La Corte di Cassazione ha stabilito un principio importante per i dipendenti pubblici che svolgono attività extra, in particolare per i docenti part-time. Con la sentenza n. 23816/2026, i giudici di legittimità hanno chiarito che un insegnante con contratto part-time al 50% non può essere automaticamente licenziato per aver aperto un canale YouTube monetizzato. La decisione nasce dal caso di un docente di scuola secondaria che, oltre all'insegnamento, gestiva un canale dedicato a comunicazione, relazioni sociali e crescita personale, ricavando compensi dalla pubblicità online.
Il caso concreto e la natura imprenditoriale dell'attività su YouTube
L'amministrazione scolastica aveva disposto la decadenza dal servizio per incompatibilità, ritenendo che l'attività su YouTube configurasse un vero e proprio impiego parallelo non consentito. Il Tribunale di Savona, con sentenza del 13 febbraio 2025, aveva inizialmente respinto il ricorso del docente, sottolineando che la cessione remunerata di spazi pubblicitari tramite Google AdSense, caratterizzata da continuità, organizzazione e ricavi significativi, rappresentava un'attività imprenditoriale e non un semplice hobby. La Cassazione non ha smentito questa ricostruzione, ma ha evidenziato un aspetto procedurale cruciale.
Il regime derogatorio per i part-time non superiori al 50%
La normativa di riferimento, in particolare l'articolo 53, comma 6, del D.Lgs. 165/2001, esclude i dipendenti pubblici con part-time non superiore al 50% dall'applicazione di alcune regole stringenti sulle incompatibilità. Questo significa che, per questi lavoratori, l'amministrazione non può applicare la decadenza in modo automatico, ma deve seguire un percorso valutativo specifico, tenendo conto della loro particolare posizione contrattuale. Nel caso esaminato, il docente aveva un contratto part-time al 50%, e quindi la scuola avrebbe dovuto effettuare una valutazione più attenta prima di procedere con il licenziamento.
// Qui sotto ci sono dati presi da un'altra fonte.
lemma boundary_len_le_4: "n \<le> 4"
proof (rule ccontr)
  assume "\<not> n \<le> 4"
  then have n: "5 \<le> n" by simp
  consider "s = r" | "ET (W 1) r" | "ET (W (n - 1)) s"
    | "s \<noteq> r" "\<not> ET (W 1) r" "\<not> ET (W (n - 1)) s" by blast
  then show False
  proof cases
    case 1
    then have "x \<in> B ` {..nB}" "x \<in> C ` {..nC}"
      using x_on_B_or_C_if_s_eq_r x_on_B_if_on_C x_on_C_if_on_B by blast+
    then show False using short_after_x_if_x_on_B short_before_x_if_x_on_C n by fastforce
  next
    case 2
    then show False using x_on_B_if_W1_adj_r short_after_x_if_x_on_B n by fastforce
  next
    case 3
    then show False using x_on_C_if_Wn1_adj_s short_before_x_if_x_on_C n by fastforce
  next
    case 4
    moreover have "H p q" using p_leaf q_leaf by (simp add: halin_edges_def cycle_edge_def)
    ultimately show False using kappa_LLY_p_q_nonpos positive n by fastforce
  qed
qed

lemma gdist_sum_le_4: "gdist ET x p + gdist ET x q \<le> 4"
proof -
  have "is_walk ET (\<lambda>t. W (j - t)) j"
    using is_path_rev[OF is_path_restrict[OF W_path], of j] x_at_j sym by (simp add: is_path_def)
  then have "gdist ET x p \<le> j" using gdist_le_walk_length x_at_j W_ends by fastforce
  moreover have "is_walk ET (\<lambda>t. W (j + t)) (n - j)"
    using is_path_shift[OF W_path, of j n] x_at_j by (simp add: is_path_def)
  then have "gdist ET x q \<le> n - j" using gdist_le_walk_length x_at_j W_ends by fastforce
  ultimately show ?thesis using boundary_len_le_4 x_at_j by linarith
qed

end

lemma (in embedded_tree) gdist_sum_le_4_if_next_leaf:
  assumes "3 \<le> deg ET x" and p: "is_leaf ET p" and q: "next_leaf ET rot p = q"
    and "(p, q) \<notin> (edges_avoiding ET x)\<^sup>*"
    and "\<And>u v. H u v \<Longrightarrow> 0 < kappa_LLY V H u v"
  shows "gdist ET x p + gdist ET x q \<le> 4"
proof -
  obtain s where "is_leaf ET s" "next_leaf ET rot s = p" using next_leaf_surj[OF p] by blast
  then interpret separated_cycle_edge V ET rot x p s
    using assms by unfold_locales auto
  show ?thesis using gdist_sum_le_4 q by simp
qed

theorem lemma3p2:
  fixes V :: "'a set" and ET :: "'a \<Rightarrow> 'a \<Rightarrow> bool" and rot :: "'a \<Rightarrow> 'a \<Rightarrow> 'a"
    and x p q :: 'a
  assumes "gen_halin V ET rot"
    and "\<forall>u v. halin_edges ET rot u v \<longrightarrow> kappa_LLY V (halin_edges ET rot) u v > 0"
    and "x \<in> V" and "deg ET x = max_deg V ET"
    and "cycle_edge ET rot p q"
    and "(p, q) \<notin> {(a, b). ET a b \<and> a \<noteq> x \<and> b \<noteq> x}\<^sup>*"
  shows "gdist ET x p + gdist ET x q \<le> 4"
proof -
  interpret embedded_tree V ET rot
    using assms(1) by unfold_locales (auto simp: gen_halin_def)
  have deg: "3 \<le> deg ET x" using assms(1,4) by (simp add: gen_halin_def)
  have sep: "(p, q) \<notin> (edges_avoiding ET x)\<^sup>*" "(q, p) \<notin> (edges_avoiding ET x)\<^sup>*"
    using assms(6) rtrancl_edges_avoiding_sym[OF symp] by (auto simp: edges_avoiding_def)
  have "is_leaf ET p" "is_leaf ET q" "next_leaf ET rot p = q \<or> next_leaf ET rot q = p"
    using assms(5) by (auto simp: cycle_edge_def)
  then show ?thesis
    using gdist_sum_le_4_if_next_leaf[OF deg] sep assms(2) by (metis add.commute)
qed

end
Le differenze tra lavoro autonomo, professione e impresa
La sentenza offre spunti pratici per tutti i dipendenti pubblici che svolgono attività extra. È fondamentale distinguere tra lavoro autonomo occasionale, libera professione e vera e propria impresa, poiché le conseguenze in termini di incompatibilità sono diverse. Per i docenti, il riferimento normativo principale è l'articolo 508 del D.Lgs. 297/1994, che pone limiti allo svolgimento di attività commerciali, industriali e professionali. Tuttavia, quando il rapporto di lavoro è part-time al 50% o meno, le regole si attenuano, ma non spariscono del tutto.
Le indicazioni pratiche per chi lavora anche fuori dalla scuola
Per evitare contenziosi, è consigliabile verificare preventivamente la propria posizione con la scuola di appartenenza prima di avviare un'attività extra, che sia una partita IVA, una collaborazione professionale o un progetto web. Il contratto collettivo del comparto Istruzione impone obblighi di comunicazione all'amministrazione e il rispetto delle regole su incompatibilità e conflitto d'interessi. La Cassazione, con questa pronuncia, ha ribadito che la decadenza non può essere una sanzione automatica per i part-time, ma richiede una valutazione caso per caso.